[Given records Boundary: Start]

(* Let $C$ be a ring of characteristic zero. For any non-empty set $X$, the free Baxter algebra $\text{Ш}_C(X)$ is not a noetherian algebra.
   Context: For a commutative $C$-algebra $A$ and $\lambda\in C$, the shuffle Baxter algebra $\text{Ш}_C(A)=\bigoplus_{k\in\mathbb{N}}A^{\otimes(k+1)}$ has product $(x_0\otimes x_1\otimes\cdots\otimes x_m)(y_0\otimes y_1\otimes\cdots\otimes y_n)=x_0y_0\otimes(\text{sum over mixable shuffles of } x_1\otimes\cdots\otimes x_m \text{ and } y_1\otimes\cdots\otimes y_n)$, where a mixable shuffle is a shuffle of the two words in which some adjacent pairs (an $x_i$ immediately followed by a $y_j$) are replaced by the product $x_iy_j$, each such merger contributing a factor $\lambda$; the Baxter operator is $P_A(x_0\otimes\cdots\otimes x_n)=\mathbf{1}_A\otimes x_0\otimes\cdots\otimes x_n$. It is the free Baxter $C$-algebra of weight $\lambda$ on $A$. For a set $X$, $\text{Ш}_C(X):=\text{Ш}_C(C[X])$ is the free Baxter $C$-algebra of weight $\lambda$ on $X$ (here $\lambda\in C$ arbitrary). *)

theory Defs
  imports "HOL-Algebra.Ring_Divisibility" "HOL-Library.Multiset"
begin

text \<open>
  Concrete model of the shuffle Baxter algebra Sha_C(X) = Sha_C(C[X]).
  C[X] is the polynomial ring in commuting variables X over C; it is the free
  C-module on the monomials, i.e. finite multisets over X, with monomial product
  given by multiset sum.  Hence C[X]^{tensor (k+1)} is the free C-module on
  (k+1)-tuples of monomials, and Sha_C(X) = direct sum over k is the free C-module on
  non-empty lists of monomials.
\<close>

type_synonym 'x word = "'x multiset list"

definition sha_basis :: "'x set \<Rightarrow> 'x word set" where
  "sha_basis X = {w. w \<noteq> [] \<and> (\<forall>m\<in>set w. set_mset m \<subseteq> X)}"

text \<open>A mixable shuffle of two words is encoded by a pattern over L, R, B:
  L = next letter of the first word, R = next letter of the second word,
  B = the next letter x_i of the first word immediately followed by the next
  letter y_j of the second word, merged into the product x_i y_j (factor lambda).\<close>

datatype mix_step = L | R | B

fun mix :: "mix_step list \<Rightarrow> 'x word \<Rightarrow> 'x word \<Rightarrow> 'x word" where
  "mix [] xs ys = []"
| "mix (L # p) (x # xs) ys = x # mix p xs ys"
| "mix (R # p) xs (y # ys) = y # mix p xs ys"
| "mix (B # p) (x # xs) (y # ys) = (x + y) # mix p xs ys"
| "mix _ _ _ = []"

definition mix_patterns :: "nat \<Rightarrow> nat \<Rightarrow> mix_step list set" where
  "mix_patterns m n = {p. count_list p L + count_list p B = m
                        \<and> count_list p R + count_list p B = n}"

text \<open>Coefficient of the basis word w in the product of basis words
  (x_0 x_1 ... x_m)(y_0 y_1 ... y_n) = x_0 y_0 (sum over mixable shuffles).\<close>

definition basis_prod :: "'c::comm_ring_1 \<Rightarrow> 'x word \<Rightarrow> 'x word \<Rightarrow> 'x word \<Rightarrow> 'c" where
  "basis_prod lam u v w =
     (\<Sum>p\<in>{p \<in> mix_patterns (length u - 1) (length v - 1).
              (hd u + hd v) # mix p (tl u) (tl v) = w}.
        lam ^ count_list p B)"

definition supp :: "('x word \<Rightarrow> 'c::zero) \<Rightarrow> 'x word set" where
  "supp f = {w. f w \<noteq> 0}"

definition Sha :: "'c::comm_ring_1 \<Rightarrow> 'x set \<Rightarrow> ('x word \<Rightarrow> 'c) ring" where
  "Sha lam X = \<lparr>
     carrier = {f. finite (supp f) \<and> supp f \<subseteq> sha_basis X},
     monoid.mult = (\<lambda>f g w. \<Sum>u\<in>supp f. \<Sum>v\<in>supp g. f u * g v * basis_prod lam u v w),
     one = (\<lambda>w. if w = [{#}] then 1 else 0),
     zero = (\<lambda>w. 0),
     add = (\<lambda>f g w. f w + g w) \<rparr>"

end

theory Submission
  imports Defs
begin

(*
  Write 1 for the empty monomial and x for a variable of X.  The product of two basis words is
  (x_0 y_0) followed by the quasi-shuffle of their tails; the quasi-shuffle is associative by
  induction on the total length, which makes Sha a ring.

  The ideal I spanned by the words whose tail contains a variable is not finitely generated.
  For every m there is a linear functional psi_m that vanishes on words of length at most m + 1,
  takes the value (-1)^m on the word 1 x 1^m, and satisfies psi_m (g f) = g_1 psi_m f for f in I,
  where g_1 is the coefficient of the word 1 in g.  Its kernel in I is then an ideal; if the
  generators of I have length at most m it contains all of I, which is absurd.

  On words 1 t, psi_m is a functional c of t supported on words of content x, and the
  multiplicativity amounts to c vanishing on all quasi-shuffles 1^a * t with a > 0.  Because the
  quasi-shuffle is compatible with deconcatenation, this property holds for gamma delta_x and is
  preserved by c |-> [delta_1, c] gamma, where products of functionals are concatenation products
  and gamma (1^n) = (-lam)^n; iterating m times gives psi_m.  Characteristic zero is only used
  to know that 1 \<noteq> 0.
*)

section \<open>Finitely supported functions on words\<close>

definition delta :: "'a \<Rightarrow> 'a \<Rightarrow> 'c::comm_ring_1" where
  "delta a = (\<lambda>w. if w = a then 1 else 0)"

abbreviation fin_supp :: "('x word \<Rightarrow> 'c::zero) \<Rightarrow> bool" where
  "fin_supp f \<equiv> finite (supp f)"

definition bilinear_ext :: "('x word \<Rightarrow> 'x word \<Rightarrow> 'x word \<Rightarrow> 'c::comm_ring_1)
    \<Rightarrow> ('x word \<Rightarrow> 'c) \<Rightarrow> ('x word \<Rightarrow> 'c) \<Rightarrow> 'x word \<Rightarrow> 'c" where
  "bilinear_ext b f g = (\<lambda>w. \<Sum>u\<in>supp f. \<Sum>v\<in>supp g. f u * g v * b u v w)"

lemma supp_delta: "supp (delta a :: 'x word \<Rightarrow> 'c::comm_ring_1) \<subseteq> {a}"
  by (auto simp: supp_def delta_def)

lemma fin_supp_delta [simp]: "fin_supp (delta a :: 'x word \<Rightarrow> 'c::comm_ring_1)"
  using supp_delta finite_subset by blast

lemma supp_plus: "supp (\<lambda>w. f w + g w) \<subseteq> supp f \<union> supp (g :: 'x word \<Rightarrow> 'c::comm_ring_1)"
  by (auto simp: supp_def)

lemma supp_scale: "supp (\<lambda>w. c * f w) \<subseteq> supp (f :: 'x word \<Rightarrow> 'c::comm_ring_1)"
  by (auto simp: supp_def)

lemma supp_uminus: "supp (\<lambda>w. - f w) = supp (f :: 'x word \<Rightarrow> 'c::comm_ring_1)"
  by (simp add: supp_def)

lemma fin_supp_plus [simp]: "fin_supp f \<Longrightarrow> fin_supp g \<Longrightarrow> fin_supp (\<lambda>w. f w + (g w :: 'c::comm_ring_1))"
  by (rule finite_subset[OF supp_plus]) auto

lemma fin_supp_scale [simp]: "fin_supp f \<Longrightarrow> fin_supp (\<lambda>w. c * (f w :: 'c::comm_ring_1))"
  by (rule finite_subset[OF supp_scale])

lemma sum_supp_delta:
  assumes "fin_supp g" shows "(\<Sum>v\<in>supp g. g v * delta v w) = g w"
proof -
  have "(\<Sum>v\<in>supp g. g v * delta v w) = (\<Sum>v\<in>supp g. if v = w then g v else 0)"
    by (rule sum.cong) (auto simp: delta_def)
  also have "\<dots> = g w"
    using assms by (simp add: sum.delta) (auto simp: supp_def)
  finally show ?thesis .
qed

lemma bilinear_ext_eq_sum:
  assumes "finite S" "supp f \<subseteq> S" "finite T" "supp g \<subseteq> T"
  shows "bilinear_ext b f g w = (\<Sum>u\<in>S. \<Sum>v\<in>T. f u * g v * b u v w)"
proof -
  have "bilinear_ext b f g w = (\<Sum>u\<in>S. \<Sum>v\<in>supp g. f u * g v * b u v w)"
    unfolding bilinear_ext_def
    by (rule sum.mono_neutral_left) (use assms in \<open>auto simp: supp_def\<close>)
  also have "\<dots> = (\<Sum>u\<in>S. \<Sum>v\<in>T. f u * g v * b u v w)"
    by (rule sum.cong[OF refl], rule sum.mono_neutral_left) (use assms in \<open>auto simp: supp_def\<close>)
  finally show ?thesis .
qed

lemma supp_bilinear_ext:
  "supp (bilinear_ext b f g) \<subseteq> (\<Union>u\<in>supp f. \<Union>v\<in>supp g. supp (b u v))"
proof
  fix w assume "w \<in> supp (bilinear_ext b f g)"
  then have "(\<Sum>u\<in>supp f. \<Sum>v\<in>supp g. f u * g v * b u v w) \<noteq> 0"
    by (simp add: supp_def bilinear_ext_def)
  then obtain u v where uv: "u \<in> supp f" "v \<in> supp g" and "f u * g v * b u v w \<noteq> 0"
    by (meson sum.neutral)
  then have "w \<in> supp (b u v)" by (auto simp: supp_def)
  with uv show "w \<in> (\<Union>u\<in>supp f. \<Union>v\<in>supp g. supp (b u v))" by blast
qed

lemma fin_supp_bilinear_ext:
  "fin_supp f \<Longrightarrow> fin_supp g \<Longrightarrow> (\<And>u v. fin_supp (b u v)) \<Longrightarrow> fin_supp (bilinear_ext b f g)"
  by (rule finite_subset[OF supp_bilinear_ext]) auto

lemma bilinear_ext_add_left:
  assumes "fin_supp f" "fin_supp g" "fin_supp h"
  shows "bilinear_ext b (\<lambda>w. f w + g w) h = (\<lambda>w. bilinear_ext b f h w + bilinear_ext b g h w)"
proof
  fix w
  let ?S = "supp f \<union> supp g"
  have "bilinear_ext b (\<lambda>w. f w + g w) h w = (\<Sum>u\<in>?S. \<Sum>v\<in>supp h. (f u + g u) * h v * b u v w)"
    by (rule bilinear_ext_eq_sum) (use assms supp_plus in auto)
  also have "\<dots> = (\<Sum>u\<in>?S. \<Sum>v\<in>supp h. f u * h v * b u v w)
       + (\<Sum>u\<in>?S. \<Sum>v\<in>supp h. g u * h v * b u v w)"
    by (simp add: sum.distrib distrib_right)
  also have "\<dots> = bilinear_ext b f h w + bilinear_ext b g h w"
    by (subst (1 2) bilinear_ext_eq_sum[where S = ?S and T = "supp h"]) (use assms in auto)
  finally show "bilinear_ext b (\<lambda>w. f w + g w) h w = bilinear_ext b f h w + bilinear_ext b g h w" .
qed

lemma bilinear_ext_add_right:
  assumes "fin_supp f" "fin_supp g" "fin_supp h"
  shows "bilinear_ext b h (\<lambda>w. f w + g w) = (\<lambda>w. bilinear_ext b h f w + bilinear_ext b h g w)"
proof
  fix w
  let ?S = "supp f \<union> supp g"
  have "bilinear_ext b h (\<lambda>w. f w + g w) w = (\<Sum>u\<in>supp h. \<Sum>v\<in>?S. h u * (f v + g v) * b u v w)"
    by (rule bilinear_ext_eq_sum) (use assms supp_plus in auto)
  also have "\<dots> = (\<Sum>u\<in>supp h. \<Sum>v\<in>?S. h u * f v * b u v w)
       + (\<Sum>u\<in>supp h. \<Sum>v\<in>?S. h u * g v * b u v w)"
    by (simp add: sum.distrib distrib_right distrib_left)
  also have "\<dots> = bilinear_ext b h f w + bilinear_ext b h g w"
    by (subst (1 2) bilinear_ext_eq_sum[where T = ?S and S = "supp h"]) (use assms in auto)
  finally show "bilinear_ext b h (\<lambda>w. f w + g w) w = bilinear_ext b h f w + bilinear_ext b h g w" .
qed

[Given records Boundary: End]

## What this task involves
Return the lines above precisely as they appear, beginning at the first line and ending at the line with "datatype mix_step = L | R | B", and nothing after it.

## Answer space
(* Let $C$ be a ring of characteristic zero. For any non-empty set $X$, the free Baxter algebra $\text{Ш}_C(X)$ is not a noetherian algebra.
   Context: For a commutative $C$-algebra $A$ and $\lambda\in C$, the shuffle Baxter algebra $\text{Ш}_C(A)=\bigoplus_{k\in\mathbb{N}}A^{\otimes(k+1)}$ has product $(x_0\otimes x_1\otimes\cdots\otimes x_m)(y_0\otimes y_1\otimes\cdots\otimes y_n)=x_0y_0\otimes(\text{sum over mixable shuffles of } x_1\otimes\cdots\otimes x_m \text{ and } y_1\otimes\cdots\otimes y_n)$, where a mixable shuffle is a shuffle of the two words in which some adjacent pairs (an $x_i$ immediately followed by a $y_j$) are replaced by the product $x_iy_j$, each such merger contributing a factor $\lambda$; the Baxter operator is $P_A(x_0\otimes\cdots\otimes x_n)=\mathbf{1}_A\otimes x_0\otimes\cdots\otimes x_n$. It is the free Baxter $C$-algebra of weight $\lambda$ on $A$. For a set $X$, $\text{Ш}_C(X):=\text{Ш}_C(C[X])$ is the free Baxter $C$-algebra of weight $\lambda$ on $X$ (here $\lambda\in C$ arbitrary). *)

theory Defs
  imports "HOL-Algebra.Ring_Divisibility" "HOL-Library.Multiset"
begin

text \<open>
  Concrete model of the shuffle Baxter algebra Sha_C(X) = Sha_C(C[X]).
  C[X] is the polynomial ring in commuting variables X over C; it is the free
  C-module on the monomials, i.e. finite multisets over X, with monomial product
  given by multiset sum.  Hence C[X]^{tensor (k+1)} is the free C-module on
  (k+1)-tuples of monomials, and Sha_C(X) = direct sum over k is the free C-module on
  non-empty lists of monomials.
\<close>

type_synonym 'x word = "'x multiset list"

definition sha_basis :: "'x set \<Rightarrow> 'x word set" where
  "sha_basis X = {w. w \<noteq> [] \<and> (\<forall>m\<in>set w. set_mset m \<subseteq> X)}"

text \<open>A mixable shuffle of two words is encoded by a pattern over L, R, B:
  L = next letter of the first word, R = next letter of the second word,
  B = the next letter x_i of the first word immediately followed by the next
  letter y_j of the second word, merged into the product x_i y_j (factor lambda).\<close>

datatype mix_step = L | R | B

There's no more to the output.